By it’s very nature, the Oct. 16 officer-involved shooting death of Ricky Ball put the city of Columbus’ elected leaders and its police department in a difficult situation.
The incident has left deep wounds on the city, but as the process of determining exactly what happened on that October night continues, we find the city and its police department have suffered some wounds of the self-inflicted variety, too.
It now appears the Columbus Police Department released two versions of its incident report – one obtained through a Freedom of Information Act request by The Dispatch and another slightly different version provided to The Guardian newspaper.
The version released to The Dispatch in October noted Ball had been tased; the version acquired by The Guardian in January did not state he had been tased.
City attorney Jeff Turnage said the Guardian’s version was the earliest version, made before evidence of the Taser use. The “official” version, the one obtained by The Dispatch, was the updated, correct report.
What some might view as a conspiracy to alter an official document was instead more likely to have been a act of sloppiness. There is no rational reason for the CPD to hold on to an inaccurate report, let alone disperse it to the media.
The city’s first public response to the shooting – three days after the incident – was urging residents to remain calm, not to rush to judgment or put much stake in rumors.
Trust us, they said.
The two versions of an incident report is just the latest in a series of missteps and questionable coincidences that have undermined any trust residents have had.
From the start, the CPD’s lax enforcement of its body camera policy set in motion an unfortunate series of events that were certain to shake the confidence of residents.
None of the three officers involved in the fateful traffic stop activated their body cameras during the confrontation. It was only well after the incident that the CPD put some real “teeth” into its policy, by then far too late to be of use in this incident.
The mistakes didn’t end there, of course. It took three days for city officials to make any kind of public comment on the shooting, and in the days that followed, city and police officials seemed reluctant to share even the most benign information, facts that had no bearing on the investigation. It seemed city and police officials were suffering some sort of paralysis. It was four days after the shooting that then-CPD Chief Tony Carleton claimed that he finally got around to viewing what little body camera footage of the incident there was, footage gathered from one of the officers shortly after the shooting.
This week, one of the involved officers — Canyon Boykin — filed a wrongful termination suit against the city.

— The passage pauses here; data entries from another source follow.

(* There is no computable probability measure $\xi$ on $2^\omega$ such that for every computable $c\in[0,1]$ we have $\mathsf{MLR}_\xi\cap\mathsf{MLR}_{\mu_c}\neq\emptyset$. (In the paper's words: there is no computable mixture of Bernoulli measures that includes all computable Bernoulli measures.)
   Context: For $p\in[0,1]$ the Bernoulli measure $\mu_p$ on $2^\omega$ is determined by $\mu_p(\llbracket\sigma\rrbracket)=p^{\#_0(\sigma)}(1-p)^{\#_1(\sigma)}$, where $\#_i(\sigma)$ is the number of occurrences of $i$ in $\sigma$. For computable $\mu$, $\mathsf{MLR}_\mu$ denotes the set of $\mu$-Martin-Löf random sequences. *)

theory Defs
  imports "HOL-Probability.Probability" "HOL-Library.Nat_Bijection"
begin

datatype recf = Zero | Succ | Proj nat | Comp recf "recf list" | Prim recf recf | Mn recf

inductive reval :: "recf \<Rightarrow> nat list \<Rightarrow> nat \<Rightarrow> bool" where
  zero: "reval Zero xs 0"
| succ: "reval Succ (x # xs) (Suc x)"
| proj: "i < length xs \<Longrightarrow> reval (Proj i) xs (xs ! i)"
| comp: "length ys = length gs \<Longrightarrow> (\<forall>i < length gs. reval (gs ! i) xs (ys ! i))
          \<Longrightarrow> reval f ys z \<Longrightarrow> reval (Comp f gs) xs z"
| prim0: "reval f xs y \<Longrightarrow> reval (Prim f g) (0 # xs) y"
| primS: "reval (Prim f g) (n # xs) y \<Longrightarrow> reval g (n # y # xs) z
          \<Longrightarrow> reval (Prim f g) (Suc n # xs) z"
| mn: "reval f (n # xs) 0 \<Longrightarrow> (\<forall>m < n. \<exists>y. reval f (m # xs) (Suc y))
          \<Longrightarrow> reval (Mn f) xs n"

definition computable1 :: "(nat \<Rightarrow> nat) \<Rightarrow> bool" where
  "computable1 f \<longleftrightarrow> (\<exists>r. \<forall>n. reval r [n] (f n))"

definition computable2 :: "(nat \<Rightarrow> nat \<Rightarrow> nat) \<Rightarrow> bool" where
  "computable2 f \<longleftrightarrow> (\<exists>r. \<forall>m n. reval r [m, n] (f m n))"

definition ce_set :: "nat set \<Rightarrow> bool" where
  "ce_set S \<longleftrightarrow> (\<exists>r. \<forall>x. x \<in> S \<longleftrightarrow> (\<exists>y. reval r [x] y))"

text \<open>Binary strings are bool lists; True = bit 1, False = bit 0.\<close>
definition code :: "bool list \<Rightarrow> nat" where
  "code \<sigma> = list_encode (map of_bool \<sigma>)"

definition cyl :: "bool list \<Rightarrow> (nat \<Rightarrow> bool) set" where
  "cyl \<sigma> = {X. \<forall>i < length \<sigma>. X i = \<sigma> ! i}"

definition cantor :: "(nat \<Rightarrow> bool) measure" where
  "cantor = PiM UNIV (\<lambda>_. count_space UNIV)"

definition rat_approx :: "nat \<Rightarrow> nat \<Rightarrow> real" where
  "rat_approx a b = real_of_int (int_decode a) / real (Suc b)"

definition computable_real :: "real \<Rightarrow> bool" where
  "computable_real x \<longleftrightarrow> (\<exists>a b. computable1 a \<and> computable1 b \<and>
      (\<forall>n. \<bar>x - rat_approx (a n) (b n)\<bar> \<le> 1 / 2 ^ n))"

definition computable_measure :: "(nat \<Rightarrow> bool) measure \<Rightarrow> bool" where
  "computable_measure M \<longleftrightarrow> (\<exists>a b. computable2 a \<and> computable2 b \<and>
      (\<forall>\<sigma> n. \<bar>measure M (cyl \<sigma>) - rat_approx (a (code \<sigma>) n) (b (code \<sigma>) n)\<bar> \<le> 1 / 2 ^ n))"

text \<open>Bernoulli measure: each bit independently is 0 with probability p.\<close>
definition bernoulli_measure :: "real \<Rightarrow> (nat \<Rightarrow> bool) measure" where
  "bernoulli_measure p = PiM UNIV (\<lambda>_. measure_pmf (bernoulli_pmf (1 - p)))"

text \<open>A c.e. set W of codes of pairs (n, sigma) describes the uniformly c.e.
  sequence of open sets U_n.\<close>
definition test_level :: "nat set \<Rightarrow> nat \<Rightarrow> (nat \<Rightarrow> bool) set" where
  "test_level W n = (\<Union>\<sigma> \<in> {\<sigma>. prod_encode (n, code \<sigma>) \<in> W}. cyl \<sigma>)"

definition martin_loef_test :: "(nat \<Rightarrow> bool) measure \<Rightarrow> nat set \<Rightarrow> bool" where
  "martin_loef_test M W \<longleftrightarrow> ce_set W \<and> (\<forall>n. emeasure M (test_level W n) \<le> ennreal (1 / 2 ^ n))"

definition MLR :: "(nat \<Rightarrow> bool) measure \<Rightarrow> (nat \<Rightarrow> bool) set" where
  "MLR M = {X. \<forall>W. martin_loef_test M W \<longrightarrow> X \<notin> (\<Inter>n. test_level W n)}"

end

theory Submission
  imports Defs
begin

text \<open>
  We compute a bias \<open>c\<close> by nested dyadic intervals. At stage \<open>k\<close> the
  current interval of width \<open>2 ^ - prec k\<close> is split into \<open>2 ^ (k + 5)\<close> subintervals; for each
  we approximate the \<open>\<xi>\<close>-mass of the blocks of length \<open>block_len k\<close> whose frequency of zeros
  lies within about \<open>2 ^ - prec (k + 1)\<close> of that subinterval, and we keep the subinterval of
  least mass. A block is typical for at most four subintervals, so the chosen mass is at most
  \<open>2 ^ -(k + 2)\<close>. Hence the typical blocks of all stages \<open>\<ge> m\<close> form a Martin-Loef test for
  \<open>\<xi>\<close>, while by Chebyshev's inequality the atypical blocks of all stages \<open>\<ge> m\<close> form one for
  \<open>\<mu>\<^sub>c\<close>. Every sequence is caught by one of the two tests, so none is random for both.
\<close>

section \<open>Total computable functions\<close>

text \<open>A function of \<open>n\<close> arguments is represented as a function of an environment \<open>e\<close> that
  reads only \<open>e 0, \<dots>, e (n - 1)\<close>; this makes composition and recursion easy to state.\<close>

definition rec_computable :: "nat \<Rightarrow> ((nat \<Rightarrow> nat) \<Rightarrow> nat) \<Rightarrow> bool" where
  "rec_computable n F \<longleftrightarrow> (\<exists>r. \<forall>e. reval r (map e [0..<n]) (F e))"

definition rec_decidable :: "nat \<Rightarrow> ((nat \<Rightarrow> nat) \<Rightarrow> bool) \<Rightarrow> bool" where
  "rec_decidable n P \<longleftrightarrow> rec_computable n (\<lambda>e. of_bool (P e))"

named_theorems rec_computable_intros

lemma map_upt_Suc_shift: "map e [0..<Suc m] = e 0 # map (\<lambda>i. e (Suc i)) [0..<m]"
  by (induction m) auto

lemma rec_computable_cong: "rec_computable n F \<Longrightarrow> (\<And>e. F e = G e) \<Longrightarrow> rec_computable n G"
  unfolding rec_computable_def by metis

lemma rec_decidable_cong: "rec_decidable n P \<Longrightarrow> (\<And>e. P e = Q e) \<Longrightarrow> rec_decidable n Q"
  unfolding rec_decidable_def by (erule rec_computable_cong) simp

lemma rec_computable_const [rec_computable_intros]: "rec_computable n (\<lambda>e. c)"
proof (induction c)
  case 0
  then show ?case unfolding rec_computable_def by (auto intro: reval.zero)
next
  case (Suc c)
  then obtain r where r: "\<forall>e. reval r (map e [0..<n]) c" unfolding rec_computable_def by auto
  have "reval (Comp Succ [r]) (map e [0..<n]) (Suc c)" for e
    by (rule reval.comp[of "[c]"]) (use r in \<open>auto intro: reval.succ\<close>)
  then show ?case unfolding rec_computable_def by blast
qed

lemma rec_computable_proj [rec_computable_intros]: "i < n \<Longrightarrow> rec_computable n (\<lambda>e. e i)"
  unfolding rec_computable_def
  by (rule exI[of _ "Proj i"]) (auto intro!: reval.proj[of i "map _ [0..<n]", simplified])

lemma rec_computable_comp:
  assumes "rec_computable m F" "\<And>i. i < m \<Longrightarrow> rec_computable n (G i)"
  shows "rec_computable n (\<lambda>e. F (\<lambda>i. G i e))"
proof -
  obtain r where r: "\<forall>e. reval r (map e [0..<m]) (F e)"
    using assms(1) unfolding rec_computable_def by auto
  have "\<forall>i<m. \<exists>s. \<forall>e. reval s (map e [0..<n]) (G i e)"
    using assms(2) unfolding rec_computable_def by auto
  then obtain s where s: "\<forall>i<m. \<forall>e. reval (s i) (map e [0..<n]) (G i e)" by metis
  have "reval (Comp r (map s [0..<m])) (map e [0..<n]) (F (\<lambda>i. G i e))" for e
  proof (rule reval.comp[of "map (\<lambda>i. G i e) [0..<m]"])
    show "reval r (map (\<lambda>i. G i e) [0..<m]) (F (\<lambda>i. G i e))" using r by blast
  qed (use s in auto)
  then show ?thesis unfolding rec_computable_def by blast
qed

lemma rec_computable_reindex:
  assumes "rec_computable m F" "\<And>i. i < m \<Longrightarrow> s i < n"
  shows "rec_computable n (\<lambda>e. F (\<lambda>i. e (s i)))"
  using rec_computable_comp[OF assms(1), of n "\<lambda>i e. e (s i)"] assms(2) rec_computable_proj
  by auto

lemma rec_computable_Suc [rec_computable_intros]:
  assumes "rec_computable n F"
  shows "rec_computable n (\<lambda>e. Suc (F e))"
proof -
  have "rec_computable 1 (\<lambda>e. Suc (e 0))"
    unfolding rec_computable_def by (rule exI[of _ Succ]) (auto intro: reval.succ)
  from rec_computable_comp[OF this, of n "\<lambda>i. F"] assms show ?thesis by simp
qed

lemma rec_computable_Prim:
  assumes "rec_computable n F"
    and "rec_computable (Suc (Suc n)) (\<lambda>e. G (e 0) (e 1) (\<lambda>i. e (Suc (Suc i))))"
  shows "rec_computable (Suc n)
           (\<lambda>e. rec_nat (F (\<lambda>i. e (Suc i))) (\<lambda>k acc. G k acc (\<lambda>i. e (Suc i))) (e 0))"
proof -
  obtain f where f: "\<forall>e. reval f (map e [0..<n]) (F e)"
    using assms(1) unfolding rec_computable_def by auto
  obtain g where g: "\<forall>e. reval g (map e [0..<Suc (Suc n)]) (G (e 0) (e 1) (\<lambda>i. e (Suc (Suc i))))"
    using assms(2) unfolding rec_computable_def by auto
  have "reval (Prim f g) (k # map e [0..<n]) (rec_nat (F e) (\<lambda>k acc. G k acc e) k)" for k e
  proof (induction k)
    case 0
    then show ?case using f by (auto intro: reval.prim0)
  next
    case (Suc k)
    let ?acc = "rec_nat (F e) (\<lambda>k acc. G k acc e) k"
    have "reval g (k # ?acc # map e [0..<n]) (G k ?acc e)"
      using g[rule_format, of "\<lambda>i. if i = 0 then k else if i = 1 then ?acc else e (i - 2)"]
      by (simp add: map_upt_Suc_shift del: upt_Suc)
    then show ?case using Suc by (auto intro: reval.primS)
  qed
  then show ?thesis
    unfolding rec_computable_def by (metis map_upt_Suc_shift)
qed

lemma rec_computable_rec_nat [rec_computable_intros]:
  assumes "rec_computable n T" "rec_computable n F"
    and "rec_computable (Suc (Suc n)) (\<lambda>e. G (e 0) (e 1) (\<lambda>i. e (Suc (Suc i))))"
  shows "rec_computable n (\<lambda>e. rec_nat (F e) (\<lambda>k acc. G k acc e) (T e))"
proof -
  have "rec_computable n (\<lambda>e. (\<lambda>e'. rec_nat (F (\<lambda>i. e' (Suc i)))
          (\<lambda>k acc. G k acc (\<lambda>i. e' (Suc i))) (e' 0)) (\<lambda>i. (if i = 0 then T else (\<lambda>e. e (i - 1))) e))"
    by (rule rec_computable_comp[OF rec_computable_Prim[OF assms(2,3)]])
      (auto intro: assms(1) rec_computable_proj)
  then show ?thesis by simp
qed

lemma rec_computable_add [rec_computable_intros]:
  assumes "rec_computable n f" "rec_computable n g"
  shows "rec_computable n (\<lambda>e. f e + g e)"
proof -
  have "rec_computable n (\<lambda>e. rec_nat (f e) (\<lambda>k acc. Suc acc) (g e))"
    by (intro rec_computable_intros assms) simp
  moreover have "rec_nat x (\<lambda>k acc. Suc acc) y = x + y" for x y :: nat by (induction y) auto
  ultimately show ?thesis by simp
qed

lemma rec_computable_pred:
  assumes "rec_computable n f"
  shows "rec_computable n (\<lambda>e. f e - 1)"
proof -
  have "rec_computable n (\<lambda>e. rec_nat 0 (\<lambda>k acc. k) (f e))"
    by (intro rec_computable_intros assms) simp
  moreover have "rec_nat 0 (\<lambda>k acc. k) y = y - 1" for y :: nat by (induction y) auto
  ultimately show ?thesis by simp
qed

lemma rec_computable_diff [rec_computable_intros]:
  assumes "rec_computable n f" "rec_computable n g"
  shows "rec_computable n (\<lambda>e. f e - g e)"
proof -
  have "rec_computable n (\<lambda>e. rec_nat (f e) (\<lambda>k acc. acc - 1) (g e))"
    by (intro rec_computable_intros rec_computable_pred assms) simp
  moreover have "rec_nat x (\<lambda>k acc. acc - 1) y = x - y" for x y :: nat by (induction y) auto
  ultimately show ?thesis by simp
qed

lemma rec_computable_lift2:
  "rec_computable n f \<Longrightarrow> rec_computable (Suc (Suc n)) (\<lambda>e. f (\<lambda>i. e (Suc (Suc i))))"
  by (rule rec_computable_reindex) simp_all

lemma rec_computable_mult [rec_computable_intros]:
  assumes "rec_computable n f" "rec_computable n g"
  shows "rec_computable n (\<lambda>e. f e * g e)"
proof -
  have "rec_computable n (\<lambda>e. rec_nat 0 (\<lambda>k acc. acc + f e) (g e))"
    by (intro rec_computable_intros assms rec_computable_lift2) simp
  moreover have "rec_nat 0 (\<lambda>k acc. acc + x) y = x * y" for x y :: nat by (induction y) auto
  ultimately show ?thesis by simp
qed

His version of the events and the atmosphere surrounding the police department and city paint a disturbing picture.
It should be noted that lawsuits contain allegations, not proof. The claims detailed in the lawsuit must be proven in a court of law.
Even when the Mississippi Bureau of Investigation finishes its investigation and files its report, other probes will continue, including an FBI investigation of the CPD and a possible inquiry by the Department of Justice. All of that information will be presented to a grand jury, which will determine the course of action.
In the meantime, city and police officials urge residents to remain calm and exercise restraint.
Yet each mistake and misstep the city and its police department makes it more difficult for residents to have confidence in their leaders.